Tom left the camp before night, carrying a good map of the trails to the north as far as Kingman. He was supposed to be going on some private errand for himself, and as he had no connection at all with the moving picture activities his departure was scarcely noted.
Besides, Mr. Grimes and the actors were just then preparing for one of the biggest scenes to be incorporated in the film of "The Forty-Niners." This was the hold-up of the wagon train by Indians and it was staged on the old trail leading south out of Freezeout.
The wagons that had carted the paraphernalia over from Yucca had tops just like the old emigrant wagons in '49. There were only a few real Indians in Mr. Grimes' company; but some of the cowboys dressed in Indian war-dress. For picture purposes there seemed a crowd of them when the action took place.
Everybody went out to see the film taken, and the fight and massacre of the gold hunters seemed very realistic. Indeed, one part of it came near to being altogether too realistic.
One of the punchers working with the company had announced before that there was either a bunch of wild horses in the vicinity, or a lone stallion strayed from some ranch. The horse in question had been sighted several times, and its hoofprints were often seen within half a mile of Freezeout.
The girls, while riding in a party through the hills, had spied the black and white creature, standing on a pinnacle and gazing, snorting, down upon the bridled ponies. The lone horse seemed to be attracted by those of his breed, yet feared to approach them while under the saddle. And, of course, the horses of the outfit were all picketed near the camp.
In the midst of the rehearsal of the Indian hold-up, when the emigrant's ponies were stampeded by the redskins, the lone horse appeared and, snorting and squealing, tried to join the herd of tame horses and lead them away.

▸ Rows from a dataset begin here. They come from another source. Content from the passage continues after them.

(* Let $G$ be a loop-tangle graph and let $R$ be the disc bounded by the loop, containing the tangle graph. For each positive integer $N$ let $f_N$ be the number of $N$-sided faces of $G$ in $R$. Then \[3f_1 + 2f_2 + f_3 = 3 + \sum_{n=1}^{\infty} n f_{n+4}.\]
   Context: In an oriented knot diagram, a loop is a subarc $\gamma^\dagger$ of the knot such that (1) $\gamma^\dagger$ has exactly one self-crossing $u$, forming a loop bounding a disc $R$; (2) apart from $u$, at every crossing $\gamma^\dagger$ meets, $\gamma^\dagger$ is the under-strand (or at every such crossing it is the over-strand); (3) the two edges incident to $u$ not on the loop lie outside $R$. The tangle consists of the arcs of the knot inside $R$, each crossing the loop transversally at its two endpoints. The loop-tangle graph is obtained from the loop together with the tangle by forgetting over/under information: its vertices are the self-crossing $u$, the crossings of tangle arcs with the loop, and the crossings of the tangle inside $R$, each of degree $4$; it also contains the outward edges (sprouts) leaving the loop, each attached to a single vertex on the loop. An $N$-sided face is a face of this graph inside $R$ whose boundary consists of $N$ edges. *)

theory Defs
  imports Complex_Main
begin

text \<open>A map is a finite set of darts D with a
fixed-point-free involution alpha (edges) and a permutation sigma (cyclic order of darts
around each vertex).\<close>

definition orb :: "('d \<Rightarrow> 'd) \<Rightarrow> 'd \<Rightarrow> 'd set" where
  "orb f d = range (\<lambda>n. (f ^^ n) d)"

definition is_map :: "'d set \<Rightarrow> ('d \<Rightarrow> 'd) \<Rightarrow> ('d \<Rightarrow> 'd) \<Rightarrow> bool" where
  "is_map D \<alpha> \<sigma> \<longleftrightarrow> finite D \<and> bij_betw \<alpha> D D \<and> bij_betw \<sigma> D D \<and>
     (\<forall>d\<in>D. \<alpha> d \<noteq> d \<and> \<alpha> (\<alpha> d) = d)"

definition map_vertices :: "'d set \<Rightarrow> ('d \<Rightarrow> 'd) \<Rightarrow> ('d \<Rightarrow> 'd) \<Rightarrow> 'd set set" where
  "map_vertices D \<alpha> \<sigma> = orb \<sigma> ` D"

definition map_edges :: "'d set \<Rightarrow> ('d \<Rightarrow> 'd) \<Rightarrow> ('d \<Rightarrow> 'd) \<Rightarrow> 'd set set" where
  "map_edges D \<alpha> \<sigma> = orb \<alpha> ` D"

definition map_faces :: "'d set \<Rightarrow> ('d \<Rightarrow> 'd) \<Rightarrow> ('d \<Rightarrow> 'd) \<Rightarrow> 'd set set" where
  "map_faces D \<alpha> \<sigma> = orb (\<sigma> \<circ> \<alpha>) ` D"

definition map_connected :: "'d set \<Rightarrow> ('d \<Rightarrow> 'd) \<Rightarrow> ('d \<Rightarrow> 'd) \<Rightarrow> bool" where
  "map_connected D \<alpha> \<sigma> \<longleftrightarrow>
     (\<forall>d\<in>D. \<forall>e\<in>D. (d, e) \<in> {(x, y). x \<in> D \<and> (y = \<alpha> x \<or> y = \<sigma> x)}\<^sup>*)"

definition planar_map :: "'d set \<Rightarrow> ('d \<Rightarrow> 'd) \<Rightarrow> ('d \<Rightarrow> 'd) \<Rightarrow> bool" where
  "planar_map D \<alpha> \<sigma> \<longleftrightarrow> is_map D \<alpha> \<sigma> \<and> map_connected D \<alpha> \<sigma> \<and>
     int (card (map_vertices D \<alpha> \<sigma>)) - int (card (map_edges D \<alpha> \<sigma>))
       + int (card (map_faces D \<alpha> \<sigma>)) = 2"

text \<open>Sprout darts: the darts (at loop vertices) of the outward edges. The sprouts are
modelled as pendant edges ending in a leaf (a vertex of degree 1). \<open>ls\<close> lists the darts
of the loop edges in order along the loop, starting at the self-crossing u;
p and q are the darts at u of the two sprouts at u.\<close>

definition sprout_darts :: "('d \<Rightarrow> 'd) \<Rightarrow> 'd list \<Rightarrow> 'd \<Rightarrow> 'd \<Rightarrow> 'd set" where
  "sprout_darts \<sigma> ls p q = {p, q} \<union> {\<sigma> (ls ! i) | i. 1 \<le> i \<and> i < length ls}"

"It's an 'old rogue' stallion, that's what it is," Ben Lester, one of the real Indians remarked. He had been to Harvard and had come back to his family in Arizona to straighten out business affairs, and was waiting for the Government to untangle much red tape before getting his share of the Southern Ute grant.
"He acts like he was locoed to me," declared Felix Burns, the horse wrangler, who, much to his disgust, had to "act in them fool pitchers" as well as handle the stock for the outfit. "Looky there! If he comes for you, beat him off with your quirts. A bite from him might send man or beast jest as crazy as a mad dog."
"Do you mean that the stallion is really mad?" asked Ruth, who was riding near the Indians, but, of course, out of the focus of the camera.
"Just as mad as a dog with hydrophobia--and just as dangerous," declared Ben. "You ladies keep back. We may have to beat the brute off. He's a pretty bird, but if he's locoed, he'd better be dead than afoot--poor creature."
The strangely acting stallion did not come near enough, however, for the boys to use their quirts. Nor did he bite any of the loose horses. He seemed to have an idea of leading the pack astray, that was all; and when the ponies were rounded up the stallion disappeared again, whistling shrilly, over the nearest ridge.